Walkhighlands munro info

The reason I wanted to use walkhighlands data is that it has a bunch of route information that I could use for exploration that wasn’t contained in the Database of British and Irish Hills that is the base of the Tidy Tuesday data:

  • Region
  • Estimated length of walk in hours
  • Distance of walk
  • Total ascent of route (not just of each individual Munro)
  • Route descriptions

I contacted walkhighlands to ask permission to share what I’ve done and they said yes because they’re lovely. I’ve still decided not to include the code I used for web scraping so I don’t inadvertently cause them any issues and so I’ll just describe roughly what I did instead.

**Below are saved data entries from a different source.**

text \<open>The paths \<open>v, w, 1\<close> for distinct \<open>w\<close> are edge-disjoint, hence present independently.\<close>

lemma subset_expectation_no_two_path:
  assumes "v \<in> {2..n}"
  shows "subset_expectation p (all_edges n) (no_two_path n v) = (1 - p ^ 2) ^ (n - 2)"
proof -
  have paths: "two_path v w \<subseteq> all_edges n" "card (two_path v w) = 2" if "w \<in> {2..n} - {v}" for w
    using that assms by (auto simp: two_path_def doubleton_mem_all_edges_iff doubleton_eq_iff)
  have "two_path v w \<inter> two_path v w' = {}" if "w \<in> {2..n} - {v}" "w' \<in> {2..n} - {v}" "w \<noteq> w'" for w w'
    using that assms by (auto simp: two_path_def doubleton_eq_iff)
  then have "subset_expectation p (all_edges n) (no_two_path n v) =
      (\<Prod>w\<in>{2..n} - {v}. subset_expectation p (two_path v w) (\<lambda>a. if a = two_path v w then 0 else 1))"
    unfolding no_two_path_def[abs_def] using paths finite_all_edges
    by (intro subset_expectation_prod) auto
  also have "\<dots> = (\<Prod>w\<in>{2..n} - {v}. 1 - p ^ 2)"
    using paths by (intro prod.cong refl) (simp add: subset_expectation_not_full two_path_def)
  also have "\<dots> = (1 - p ^ 2) ^ (n - 2)"
    using assms by (simp add: card_Diff_singleton numeral_2_eq_2)
  finally show ?thesis .
qed

lemma subset_expectation_not_within_two_le:
  assumes "0 \<le> p" "p \<le> 1"
  shows "subset_expectation p (all_edges n) (\<lambda>g. if within_two g n then 0 else 1)
    \<le> real (n - 1) * (1 - p ^ 2) ^ (n - 2)"
proof -
  have "subset_expectation p (all_edges n) (\<lambda>g. if within_two g n then 0 else 1) \<le>
      subset_expectation p (all_edges n) (\<lambda>g. \<Sum>v\<in>{2..n}. no_two_path n v g)"
    using not_within_two_le_sum_no_two_path no_two_path_nonneg
    by (intro subset_expectation_mono assms) (auto intro: sum_nonneg)
  also have "\<dots> = real (n - 1) * (1 - p ^ 2) ^ (n - 2)"
    by (simp add: subset_expectation_sum subset_expectation_no_two_path)
  finally show ?thesis .
qed

definition gnp_return_time :: "nat \<Rightarrow> real \<Rightarrow> real" where
  "gnp_return_time n p = subset_expectation p (all_edges n) (\<lambda>g. mean_return_time g n)"

context
  fixes n :: nat and p :: real
  assumes two_le_n: "2 \<le> n" and p: "0 \<le> p" "p \<le> 1"
begin

lemma exp_tau_eq_gnp_return_time: "exp_tau n p = ennreal (gnp_return_time n p)"
proof -
  have one_le_n: "1 \<le> n"
    using two_le_n by simp
  have "exp_tau n p = (\<Sum>g\<in>Pow (all_edges n). ennreal (subset_weight p (all_edges n) g * mean_return_time g n))"
    unfolding exp_tau_def
  proof (intro sum.cong refl)
    fix g
    assume "g \<in> Pow (all_edges n)"
    then have g: "g \<subseteq> all_edges n"
      by simp
    have "gnp_prob n p g = subset_weight p (all_edges n) g"
      by (simp add: gnp_prob_def subset_weight_def)
    moreover have "0 \<le> subset_weight p (all_edges n) g" "0 \<le> mean_return_time g n"
      using subset_weight_nonneg[OF p] one_le_mean_return_time[OF g one_le_n] by auto
    ultimately show "ennreal (gnp_prob n p g) * exp_return n g =
        ennreal (subset_weight p (all_edges n) g * mean_return_time g n)"
      using exp_return_eq_mean_return_time[OF g one_le_n] by (simp add: ennreal_mult)
  qed
  also have "\<dots> = ennreal (gnp_return_time n p)"
  proof -
    have "0 \<le> mean_return_time g n" if "g \<subseteq> all_edges n" for g
      using one_le_mean_return_time[OF that one_le_n] by linarith
    then show ?thesis
      unfolding gnp_return_time_def subset_expectation_def
      by (intro sum_ennreal mult_nonneg_nonneg subset_weight_nonneg p) auto
  qed
  finally show ?thesis .
qed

The approach was to first scrape walkhighlands for the list of Munros, the region in which they are located, and their height from the Munro A-Z page. Then it took one route for each munro (the first listed), the min and max estimated walk time, distance in km, total ascent in metres, and used regex to look for certain words that describe walk features that might be of interest (scramble, exposed, arete, river, spate, bog). walkhighlands also provides a Grade rating for each walk as well as a bog factor, however, these are represented as images, and try as I (well, AI) might, I could not get it to parse this information.

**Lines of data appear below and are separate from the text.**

(* Let $\mathcal M,\mathcal N$ be finite polyptych lattices over $F$, let $F\subseteq F'\subseteq\mathbb R$, and let $(\mathcal M,\mathcal N,\mathsf v,\mathsf w)$ be a strict dual $F'$-pair. Then $\mathsf w$ and $\mathsf v$ extend to isomorphisms of $F_{\ge0}$-semialgebras $\mathsf w:S_{\mathcal N_{F'}}\to P_{\mathcal M_{F'}}$ and $\mathsf v:S_{\mathcal M_{F'}}\to P_{\mathcal N_{F'}}$, given by $\mathsf w(\bigoplus_{n\in S}n)=\min_{n\in S}\mathsf w(n)$ (pointwise minimum of functions), $\mathsf w(\infty)=\infty$, and similarly for $\mathsf v$.
   Context: Fix a subring $F$ with $\mathbb Z\subseteq F\subseteq\mathbb R$. A polyptych lattice of rank $r$ over $F$ is a collection $\{M_\alpha\}_{\alpha\in I}$ of free $F$-modules of rank $r$ with piecewise $F$-linear maps (continuous and $F$-linear on each cone of some complete $F$-rational fan) $\mu_{\alpha,\beta}:M_\alpha\to M_\beta$ with $\mu_{\alpha,\alpha}=\mathrm{id}$, $\mu_{\alpha,\beta}=\mu_{\beta,\alpha}^{-1}$, $\mu_{\beta,\gamma}\circ\mu_{\alpha,\beta}=\mu_{\alpha,\gamma}$; finite if $I$ is finite. Elements are classes of $\bigsqcup M_\alpha$ under $m_\alpha\sim\mu_{\alpha,\beta}(m_\alpha)$; $\pi_\alpha$ chart maps; $\mathcal M_{F'}$ has charts $M_\alpha\otimes_FF'$ (extended mutations), e.g. $\mathcal M_{\mathbb R}$. $m+_\alpha m':=\pi_\alpha^{-1}(\pi_\alpha(m)+\pi_\alpha(m'))$, $\lambda m:=\pi_\alpha^{-1}(\lambda\pi_\alpha(m))$ ($\lambda\ge 0$). $\Sigma(\mathcal M)$: the coarsest complete fan of cones of $\mathcal M_{\mathbb R}$ (subsets whose chart images are $F$-rational polyhedral cones) on whose chart images all mutations are linear. A point of $\mathcal M_{F'}$ is $p:\mathcal M_{F'}\to F'$ with $p(m)+p(m')=\min_\alpha p(m+_\alpha m')$ and $p(\lambda m)=\lambda p(m)$ ($\lambda\in F'_{\ge0}$); $\mathrm{Sp}_{F'}(\mathcal M)$ is the set of such; $\mathrm{Sp}_{\mathbb R}(\mathcal M,\alpha)$ is the set of $p\in\mathrm{Sp}_{\mathbb R}(\mathcal M)$ linear on chart $\alpha$. Strict dual $F'$-pair: maps $\mathsf v:\mathcal M_{\mathbb R}\to\mathrm{Sp}_{\mathbb R}(\mathcal N)$, $\mathsf w:\mathcal N_{\mathbb R}\to\mathrm{Sp}_{\mathbb R}(\mathcal M)$ with (1) $\mathsf v(\mathcal M_{F'})\subseteq\mathrm{Sp}_{F'}(\mathcal N)$, $\mathsf w(\mathcal N_{F'})\subseteq\mathrm{Sp}_{F'}(\mathcal M)$; (2) $\mathsf v(m)(n)=\mathsf w(n)(m)$ for $m\in\mathcal M_{F'},n\in\mathcal N_{F'}$; (3) these restrictions are bijections; (4) the sets $\mathsf v^{-1}(\mathrm{Sp}_{\mathbb R}(\mathcal N,\gamma))$, $\gamma$ ranging over chart indices of $\mathcal N$, are exactly the maximal-dimensional cones of $\Sigma(\mathcal M)$, and symmetrically for $\mathsf w$. Point-convex hull: $\mathcal H_{p,a}=\{m:p(m)\ge a\}$, $\mathrm{p\text{-}conv}_{F'}(S)=\bigcap\{\mathcal H_{p,a}:p\in\mathrm{Sp}_{F'}(\mathcal M),a\in F',S\subseteq\mathcal H_{p,a}\}$. Canonical semialgebra $S_{\mathcal M_{F'}}$: free commutative idempotent semigroup ($\oplus$) on elements of $\mathcal M_{F'}$ modulo $\bigoplus_{S}m=\bigoplus_{S'}m$ when $\mathrm{p\text{-}conv}_{F'}(S)=\mathrm{p\text{-}conv}_{F'}(S')$, plus identity $\infty$, with product $m\star m'=\bigoplus_\alpha(m+_\alpha m')$ extended distributively and $F_{\ge 0}$-action by scaling elements. The point semialgebra $P_{\mathcal M_{F'}}$ is the sub-semialgebra of functions $\mathcal M_{\mathbb R}\to\mathbb R\cup\{\infty\}$ (operations pointwise $\min$ and pointwise $+$, scaling by $F_{\ge0}$) generated by $\mathrm{Sp}_{F'}(\mathcal M)$ (extended to $\mathcal M_{\mathbb R}$), together with $\infty$. *)

theory Defs
  imports "HOL-Analysis.Analysis"
begin

definition subring_R :: "real set \<Rightarrow> bool" where
  "subring_R F \<longleftrightarrow> (\<forall>z::int. real_of_int z \<in> F) \<and>
     (\<forall>x\<in>F. \<forall>y\<in>F. x + y \<in> F \<and> x * y \<in> F \<and> - x \<in> F)"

An important note for those of you who are familiar with walkhighlands, as highlighted, I included one route per munro - the first one listed. This can make a big difference to the walk, for example, which route you take up Ben Nevis significantly changes the fear factor and technicality. Text mining is also a blunt tool and only looks at whether a word is contained in the walk report rather than its context - a route that reads “there is no scrambling required” would still have been included in the “scramble” category and exposure can relate to the weather or heights.

It took a long time to get the AI to provide code that worked and there were a number of issues - at one point it was matching the route to the wrong Munro, then it didn’t return all Munros, then it was missing a bunch of routes. I had to manually create a file of some routes to load in because I could not find a solution as to why these handful were failing. Because I could not have done any of this type of scraping without AI, I really have no idea why it works and why it didn’t. This is intellectually unsatisfying but also, the idea you’d be willing to trust this black box of “knowledge” to something more serious than an obsessive deep dive into your favorite mountains is madness.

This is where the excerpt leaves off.